I'll say it. Crash wasn't that great.
I'll submit to you that all of the best picture nominees had something in common: they were all message movies. Nothing special about that as the Acadamy loves to give the nod to what they consider are the "important" films --- unless the movie is a multi-billion dollar production crowd pleaser about a sinking boat.
I saw all of the best pictures this year and liked them all, save one. It was the one that had been done many times before. It was preachy, it's characters were designed for maximum effect, and it delved into the difficult topic: racism. That picture is Crash. And while I didn't hate it, I was disappointed that it was nominated as best picture. I thought it was entertaining enough, but had way too many Hollywood mastubatory elements to it --- the ensemble cast, the interweaving story lines, the "racism is bad" message that it just beat me into submission.
I was fully expecting Brokeback Mountain to take the award --- a film that I saw for the first time hours before the awards show. It was a great movie for reasons other than its assumed message --- that gay love during times of hate is a rough road. Sorry, but that movie was about betrayal. I stayed away from Brokeback until the last minute because I didn't think I could identify much with a gay cowboy movie. And now I think that film will stay with me for a lot longer than Crash, which I saw on its opening week and have largely forgotten about.
2 Comments:
I concur. I'm generally not a fan of the self-important movie-with-a-moral. Especially when the message is so unsubtle and heavy-handed in its delivery. Racism == bad. OK, got it. Thanks for that keen insight you Hollywood people, but this topic was pretty well covered in Do The Right Thing. On the upside, it was fairly well executed and featured Don Cheadle.

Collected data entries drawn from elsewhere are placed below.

(* Let $\rho$ be an $N\times N$ density matrix with eigenvalue vector $\lambda$ (nonnegative entries summing to one). Let $\{|i\rangle\}_{i=1}^N$ and $\{|a_i\rangle\}_{i=1}^N$ be orthonormal bases of $\mathbb{C}^N$, and let $p_i=\langle i|\rho|i\rangle$, $q_i=\langle a_i|\rho|a_i\rangle$. Let $1\le m,n\le N$ and let $A$ be the $n\times m$ matrix with entries $A_{ij}=\langle a_i|j\rangle$ ($1\le i\le n$, $1\le j\le m$). Define $\mu\in\mathbb{R}^{m+n}$ by $\mu=(1,1,\dots,1)+\big(\sigma(A)\oplus(-\sigma(A))\big)$, where $\sigma(A)$ is the vector of singular values of $A$, $\oplus$ denotes concatenation, and $\sigma(A)\oplus(-\sigma(A))$ is extended by zeros to length $m+n$. Then $$p_1+\dots+p_m+q_1+\dots+q_n\le\lambda^{\downarrow}\cdot\mu^{\downarrow},$$ where $x^\downarrow$ denotes the nonincreasing rearrangement of $x$, $\cdot$ is the standard scalar product, and the shorter of the two vectors is padded with zeros. *)

theory Defs
  imports "Jordan_Normal_Form.Jordan_Normal_Form"
begin

definition braket :: "complex vec \<Rightarrow> complex vec \<Rightarrow> complex" where
  "braket a b = (\<Sum>k<dim_vec a. cnj (a $ k) * b $ k)"

definition ctrans :: "complex mat \<Rightarrow> complex mat" where
  "ctrans A = mat (dim_col A) (dim_row A) (\<lambda>(i,j). cnj (A $$ (j,i)))"

definition density_mat :: "nat \<Rightarrow> complex mat \<Rightarrow> bool" where
  "density_mat N \<rho> \<longleftrightarrow> \<rho> \<in> carrier_mat N N
     \<and> (\<forall>i<N. \<forall>j<N. \<rho> $$ (i,j) = cnj (\<rho> $$ (j,i)))
     \<and> (\<forall>v \<in> carrier_vec N. Im (braket v (\<rho> *\<^sub>v v)) = 0 \<and> Re (braket v (\<rho> *\<^sub>v v)) \<ge> 0)
     \<and> (\<Sum>i<N. \<rho> $$ (i,i)) = 1"

definition eigenvalue_vector :: "complex mat \<Rightarrow> real list \<Rightarrow> bool" where
  "eigenvalue_vector M lam \<longleftrightarrow>
     char_poly M = (\<Prod>x\<leftarrow>lam. [:- complex_of_real x, 1:])"

(* orthonormal basis of C^N given as e 0, ..., e (N-1) *)
definition orthonormal_basis :: "nat \<Rightarrow> (nat \<Rightarrow> complex vec) \<Rightarrow> bool" where
  "orthonormal_basis N e \<longleftrightarrow> (\<forall>i<N. e i \<in> carrier_vec N)
     \<and> (\<forall>i<N. \<forall>j<N. braket (e i) (e j) = (if i = j then 1 else 0))"

(* singular values of an n x m matrix A: the min(n,m) nonnegative numbers s_k
   (in nonincreasing order) whose squares, together with m - min(n,m) zeros,
   are the eigenvalues (with multiplicity) of A^* A *)
definition singular_values :: "complex mat \<Rightarrow> real list" where
  "singular_values A = (SOME s. length s = min (dim_row A) (dim_col A)
      \<and> sorted (rev s) \<and> (\<forall>x\<in>set s. x \<ge> 0)
      \<and> char_poly (ctrans A * A) =
          (\<Prod>x\<leftarrow>s. [:- complex_of_real (x^2), 1:]) * [:0, 1:] ^ (dim_col A - length s))"

definition sort_desc :: "real list \<Rightarrow> real list" where
  "sort_desc xs = rev (sort xs)"

definition pad :: "nat \<Rightarrow> real list \<Rightarrow> real list" where
  "pad k xs = xs @ replicate (k - length xs) 0"

definition dotp :: "real list \<Rightarrow> real list \<Rightarrow> real" where
  "dotp xs ys = (let k = max (length xs) (length ys) in
      sum_list (map2 (*) (pad k xs) (pad k ys)))"

end

theory Submission
  imports Defs
begin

A much better film is Hustle & Flow; at least it didn't take itself quite so seriously.
-K.
Don Cheadle is great in everything he's in. Hotel Rwanda --- are you kidding me? Genius.
He elevates everything he's in, which is a chore given the weird roles he's handed such as porn-actor-turned-stereo-salesman in Boogie Nights.
My favorite Cheadle role is Snoopy, the boxer/inmate/gangster in Out of Sight. I love the scene where George Clooney and Cheadle are throwing down in the prison library and they straighten up just as a prison gaurd walks in.
"What's going on in here?" prison gaurd.
"We're just excited about reading. Reading is fundamental and shit," Snoopy.